Goodbye to another piece of videogame history...

And it's not like nintendo is on spotify or something...

Source: https://www.youtube.com/user/BrawlBRSTMs3/community

EDIT: some videos are still online... I guess it'll take some time to delete everything...


----------



## PalindromicBreadLoaf (May 15, 2019)

This really sucks. I love listening to music from a whole ton of games from their. Hopefully they don’t take the brstms off their site, because those are a some quality loops that they have.


----------



## Arecaidian Fox (May 15, 2019)

Awwww, I was just listening to music on their channel the other day. I usually preferred their content


----------



## Valery0p (May 15, 2019)

I've just noticed, _some_ of the tracks are also uploaded on www.smashcustommusic.com , but since its main purpose is as a catalog for ready-to-download files for game modding, only the most popular songs are here...


----------



## Tiger21820 (May 16, 2019)

Sega does what Nintendon't... Downloaded a few songs that I listen to regularly...


----------



## Chary (May 16, 2019)

I get, that like, Nintendo is protecting its IPs. 

But at the same time, 80% of these OSTs aren’t even legally available outside of Japan. 

So, good job Nintendo. I wasn’t actively looking to hoard your soundtracks through shady means, but well, so much for that.


----------



## SG854 (May 16, 2019)

R they going to go after GilvaSunner too?

What about fan made music. They went after fan made games, will they go after the music too?


----------



## DeslotlCL (May 16, 2019)

I still cant get over the fact there are people defending this kind of behavior just because it is nintendo.

Farewell brawlbrstms, i always relied on their videos for music i was too lazy to download, but i guess i will have to download as much nintendo games music files as possible as a way to say fuck you nintendo.
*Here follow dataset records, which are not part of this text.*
lemma tor_dim_deg_field_independent:
  fixes E :: "('v::{finite,linorder} \<Rightarrow> nat) set"
  assumes "CARD('v) = 4"
  shows "tor_dim_deg TYPE('k::field) E i b = tor_dim_deg TYPE('l::field) E i b"
  using kdim_kboundaries_field_independent[OF assms, of E b, where 'k='k and 'l='l]
  by (cases i) (simp_all add: tor_dim_deg_def kdim_kcycles_0 kdim_kcycles_Suc)

theorem theorem10:
  fixes E :: "(4 \<Rightarrow> nat) set" and i :: nat
  assumes "finite E"
  shows "betti TYPE('k::field) E i = betti TYPE('l::field) E i"
proof -
  have "tor_dim_deg TYPE('k) E i = tor_dim_deg TYPE('l) E i"
    by (intro ext tor_dim_deg_field_independent) simp
  then show ?thesis
    by (simp add: betti_def)
qed

end
lemma optional_less_sets: "0 \<le> a \<Longrightarrow> {\<omega>\<in>A. \<theta> \<omega> < a} \<in> sets (F (min a t))"
proof (cases "t < a")
  case True
  then have "{\<omega>\<in>A. \<theta> \<omega> < a} = {\<omega>\<in>A. \<theta> \<omega> \<le> t}" using \<theta>_bounds A_space by force
  then show ?thesis using \<theta>_optional[OF t_nonneg] True by simp
next
  case False
  assume "0 \<le> a"
  have "{\<omega>\<in>A. \<theta> \<omega> < a} = (\<Union>m. {\<omega>\<in>A. \<theta> \<omega> \<le> a - 1 / Suc m})"
  proof (intro set_eqI iffI)
    fix x assume x: "x \<in> {\<omega>\<in>A. \<theta> \<omega> < a}"
    then have "0 < a - \<theta> x" by simp
    then obtain m where "inverse (real (Suc m)) < a - \<theta> x"
      using reals_Archimedean by blast
    then show "x \<in> (\<Union>m. {\<omega>\<in>A. \<theta> \<omega> \<le> a - 1 / Suc m})"
      using x by (auto simp: inverse_eq_divide intro!: exI[of _ m])
  next
    fix x assume "x \<in> (\<Union>m. {\<omega>\<in>A. \<theta> \<omega> \<le> a - 1 / Suc m})"
    then obtain m where "x \<in> A" "\<theta> x \<le> a - 1 / Suc m" by auto
    moreover have "0 < 1 / real (Suc m)" by simp
    ultimately have "\<theta> x < a" by linarith
    then show "x \<in> {\<omega>\<in>A. \<theta> \<omega> < a}" using \<open>x \<in> A\<close> by simp
  qed
  moreover have "{\<omega>\<in>A. \<theta> \<omega> \<le> a - 1 / Suc m} \<in> sets (F a)" for m
  proof (cases "a - 1 / Suc m < 0")
    case True
    then have "{\<omega>\<in>A. \<theta> \<omega> \<le> a - 1 / Suc m} = {}" using \<theta>_bounds A_space by force
    then show ?thesis by (metis sets.empty_sets)
  next
    case False
    then show ?thesis
      using \<theta>_optional[of "a - 1 / Suc m"] sets_filtration_mono[of "a - 1 / Suc m" a] by auto
  qed
  ultimately show ?thesis using False by auto
qed

lemma dyadic_level_sets:
  assumes "1 \<le> k"
  shows "{\<omega>\<in>A. dyadic_index j (\<theta> \<omega>) = k} \<in> sets (F (min t (real k / 2^j)))"
proof -
  have "{\<omega>\<in>A. dyadic_index j (\<theta> \<omega>) = k}
      = {\<omega>\<in>A. \<theta> \<omega> < real k / 2^j} - {\<omega>\<in>A. \<theta> \<omega> < (real k - 1) / 2^j}"
    using dyadic_index_eq_iff[OF _ assms] \<theta>_bounds A_space by blast
  moreover have "{\<omega>\<in>A. \<theta> \<omega> < real k / 2^j} \<in> sets (F (min t (real k / 2^j)))"
    using optional_less_sets[of "real k / 2^j"] by (simp add: min.commute)
  moreover have "{\<omega>\<in>A. \<theta> \<omega> < (real k - 1) / 2^j} \<in> sets (F (min t (real k / 2^j)))"
  proof -
    have "(real k - 1) / 2^j \<le> real k / 2^j" by (simp add: divide_right_mono)
    then have "sets (F (min ((real k - 1) / 2^j) t)) \<subseteq> sets (F (min t (real k / 2^j)))"
      using assms t_nonneg by (intro sets_filtration_mono) auto
    then show ?thesis using optional_less_sets[of "(real k - 1) / 2^j"] assms by auto
  qed
  ultimately show ?thesis by auto
qed
(* Let $V$ be a vertex operator algebra and let $h\in V$ satisfy $L(n)h=\delta_{n,0}h$ and $h_nh=\delta_{n,1}\gamma\mathbf 1$ for all integers $n\ge0$, with $\gamma\in\mathbb Q$. Then, as operators on $V$ (formal power series in $z$), $$e^{z(L(1)-h(1))}e^{-zL(1)}=\exp\Big(\sum_{k=1}^{\infty}\frac{h(k)}{k}(-z)^{k}\Big),\qquad e^{z(L(-1)+h(-1))}e^{-zL(-1)}=\exp\Big(\sum_{k=1}^{\infty}\frac{h(-k)}{k}z^{k}\Big).$$
   Context: $Y(h,z)=\sum_{n\in\mathbb Z}h(n)z^{-n-1}$ and $Y(\omega,z)=\sum_{n\in\mathbb Z}L(n)z^{-n-2}$, where $\omega$ is the Virasoro element of $V$. *)

theory Defs
  imports Complex_Main
begin

text \<open>The vertex operator is encoded by its modes: Y a n b = a_n b, i.e. Y(a,z) = sum_n a_n z^(-n-1).\<close>

type_synonym 'v vfield = "'v \<Rightarrow> int \<Rightarrow> 'v \<Rightarrow> 'v"

text \<open>Sum of a finitely supported family (finiteness is guaranteed by truncation).\<close>
definition fsum :: "(nat \<Rightarrow> 'v::comm_monoid_add) \<Rightarrow> 'v" where
  "fsum f = sum f {j. f j \<noteq> 0}"

text \<open>Virasoro operators: Y(omega,z) = sum_n L(n) z^(-n-2), so L(n) = omega_(n+1).\<close>
definition Vir :: "'v vfield \<Rightarrow> 'v \<Rightarrow> int \<Rightarrow> 'v \<Rightarrow> 'v" where
  "Vir Y \<omega> n = Y \<omega> (n + 1)"

definition weight_space :: "(complex \<Rightarrow> 'v \<Rightarrow> 'v) \<Rightarrow> 'v vfield \<Rightarrow> 'v \<Rightarrow> int \<Rightarrow> 'v set" where
  "weight_space scale Y \<omega> n = {v. Vir Y \<omega> 0 v = scale (of_int n) v}"

definition is_VOA :: "(complex \<Rightarrow> 'v::ab_group_add \<Rightarrow> 'v) \<Rightarrow> 'v vfield \<Rightarrow> 'v \<Rightarrow> 'v \<Rightarrow> bool" where
  "is_VOA scale Y vac \<omega> \<longleftrightarrow>
     vector_space scale \<and>
     (\<forall>a n. Vector_Spaces.linear scale scale (Y a n)) \<and>
     (\<forall>n b. Vector_Spaces.linear scale scale (\<lambda>a. Y a n b)) \<and>
     \<comment> \<open>truncation\<close>
     (\<forall>a b. \<exists>N. \<forall>n\<ge>N. Y a n b = 0) \<and>
     \<comment> \<open>vacuum property Y(1,z) = id\<close>
     (\<forall>n v. Y vac n v = (if n = -1 then v else 0)) \<and>
     \<comment> \<open>creation property\<close>
     (\<forall>a. (\<forall>n\<ge>0. Y a n vac = 0) \<and> Y a (-1) vac = a) \<and>
     \<comment> \<open>Jacobi identity, in Borcherds' component form\<close>
     (\<forall>a b c m n k.
        fsum (\<lambda>j. scale (of_int m gchoose j) (Y (Y a (n + int j) b) (m + k - int j) c)) =
        fsum (\<lambda>j. scale ((-1) ^ j * (of_int n gchoose j))
                 (Y a (m + n - int j) (Y b (k + int j) c)
                  - scale ((-1) powi n) (Y b (n + k - int j) (Y a (m + int j) c))))) \<and>
     \<comment> \<open>Virasoro relations with some central charge\<close>
     (\<exists>cc. \<forall>m n v. Vir Y \<omega> m (Vir Y \<omega> n v) - Vir Y \<omega> n (Vir Y \<omega> m v) =
          scale (of_int (m - n)) (Vir Y \<omega> (m + n) v)
          + (if m + n = 0 then scale ((of_int m ^ 3 - of_int m) / 12 * cc) v else 0)) \<and>
     \<comment> \<open>L(-1)-derivative property Y(L(-1)a,z) = d/dz Y(a,z)\<close>
     (\<forall>a n v. Y (Vir Y \<omega> (-1) a) n v = scale (- of_int n) (Y a (n - 1) v)) \<and>
     \<comment> \<open>grading: V is the (direct) sum of the L(0)-eigenspaces V_(n), n in Z\<close>
     (UNIV \<subseteq> module.span scale (\<Union>n. weight_space scale Y \<omega> n)) \<and>
     (\<forall>n. \<exists>B. finite B \<and> weight_space scale Y \<omega> n \<subseteq> module.span scale B) \<and>
     (\<exists>N. \<forall>n<N. weight_space scale Y \<omega> n = {0})"
(* Let $m\ge 1$, $S=\{1,\dots,2m+1\}$, $x_0=\{1,\dots,m\}$. For subsets $y,z\subseteq S$ put $\varrho(y,z)=(|x_0\cap y|,\,|x_0\cap z|,\,|y\cap z|,\,|x_0\cap y\cap z|)$. For $a,b\in\{m,m+1\}$ let $\mathcal{I}_{(a,b)}=\{\varrho(y,z): y\in\binom{S}{a},\ z\in\binom{S}{b}\}$. Then: (i) $\mathcal{I}_{(m,m)}$ is the set of integer four-tuples $(i,j,t,p)$ with $0\le i,j\le m$, $\max\{i+j-m,\,m-1-i-j\}\le t\le m-|i-j|$, and $\max\{0,\,i+j-m,\,i+t-m,\,j+t-m\}\le p\le \min\{i,\,j,\,t,\,i+j+t+1-m\}$. (ii) $\mathcal{I}_{(m,m+1)}$ is the set of integer four-tuples $(i,j,t,p)$ with $0\le i,j\le m$, $|i+j-m|\le t\le m-\max\{i-j,\,j-i-1\}$, and $i-\min\{i,\,m-j,\,m-t,\,i-j-t+m+1\}\le p\le i-\max\{0,\,i-j,\,i-t,\,m-j-t\}$. (iii) $\mathcal{I}_{(m+1,m)}$ is the set of integer four-tuples $(i,j,t,p)$ with $0\le i,j\le m$, $|i+j-m|\le t\le m-\max\{i-j-1,\,j-i\}$, and $j-\min\{m-i,\,j,\,m-t,\,j-i-t+m+1\}\le p\le j-\max\{0,\,j-i,\,j-t,\,m-i-t\}$. (iv) $\mathcal{I}_{(m+1,m+1)}$ is the set of integer four-tuples $(i,j,t,p)$ with $0\le i,j\le m$, $1+\max\{i+j-m-1,\,m-i-j\}\le t\le m+1-|i-j|$, and $i+j-m+\max\{0,\,m-i-j,\,t-i-1,\,t-j-1\}\le p\le i+j-m+\min\{m-i,\,m-j,\,t-1,\,m-i-j+t\}$. Moreover, each of the four sets $\mathcal{I}_{(m,m)},\mathcal{I}_{(m,m+1)},\mathcal{I}_{(m+1,m)},\mathcal{I}_{(m+1,m+1)}$ has cardinality $\binom{m+4}{4}$.
   Context: $\binom{S}{a}$ denotes the collection of $a$-element subsets of $S$. *)

theory Defs
  imports Main
begin

definition ksubsets :: "'a set \<Rightarrow> nat \<Rightarrow> 'a set set" where
  "ksubsets S a = {y. y \<subseteq> S \<and> card y = a}"

definition rho :: "nat set \<Rightarrow> nat set \<Rightarrow> nat set \<Rightarrow> int \<times> int \<times> int \<times> int" where
  "rho x0 y z = (int (card (x0 \<inter> y)), int (card (x0 \<inter> z)), int (card (y \<inter> z)),
                 int (card (x0 \<inter> y \<inter> z)))"

definition Iset :: "nat \<Rightarrow> nat \<Rightarrow> nat \<Rightarrow> (int \<times> int \<times> int \<times> int) set" where
  "Iset m a b = {rho {1..m} y z | y z. y \<in> ksubsets {1..2*m+1} a \<and> z \<in> ksubsets {1..2*m+1} b}"

end

theory Submission
  imports Defs
begin

text \<open>
  Split S into x0 and C = {m+1..2m+1}. The traces of y and z on x0 and on C can be chosen
  independently, and two subsets of an n-element set can have (|y|, |z|, |y \<inter> z|) = (k, l, r)
  exactly when 0 \<le> r \<le> k, l and k + l \<le> n + r. So I_(a,b) is the lattice polytope given by
  these inequalities for (i, j, p) on x0 and for (a - i, b - j, t - p) on C, and the four
  descriptions are this polytope written out. Complementing z and swapping y with z map the
  four polytopes bijectively onto each other, and I_(m,m) is in bijection with the lattice
  points of the simplex a, b, c, d \<ge> 0, a + b + c + d \<le> m, counted by (m+4 choose 4).
\<close>

definition realizable_profile :: "nat \<Rightarrow> int \<Rightarrow> int \<Rightarrow> int \<Rightarrow> bool" where
  "realizable_profile n k l r \<longleftrightarrow> 0 \<le> r \<and> r \<le> k \<and> r \<le> l \<and> k + l \<le> int n + r"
Fuck you.

Thanks god droidsound e exists to listen to the totally not legally obtained game files.


----------



## RocketRobz (Aug 13, 2019)

The channel just got terminated recently. 


			
				YouTube said:
			
		

> This account has been terminated because we received multiple third-party claims of copyright infringement regarding material the user posted.


----------



## IC_ (Aug 13, 2019)

And there doesn't seem to be any new nintendo music on smashcustommusic.com
I'm waiting for super mario maker 2 but I don't know if they'll ever add it


----------



## Valery0p (Aug 13, 2019)

Damn, I hoped things would calm down, instead...
Anyways, since people still search for all the Nintendo's songs, old clone channels (like, even with the same thumbnail) and new reuploads are surfacing inside the search list, so probably/hopefully the same will happen for all the others songs...
When the demand is here, the market will adjust to fulfill it, with or without game companies putting their IP on more profitable streaming services.


----------



## PrincessLillie (Aug 13, 2019)

Nintendo got GiIvaSunner (the soundtracks account, not the meme page) too
Failed to fetch tweet https://twitter.com/GilvaSunner/status/1161315671839522816
This honestly pisses me off big time.


----------



## ShadowOne333 (Aug 13, 2019)

Holy fuck, is there no end to Nintendo's bullshit?
Like, seriously, sure you can claim earnings of the music if you really care about your bullshit IP, but why terminate channels?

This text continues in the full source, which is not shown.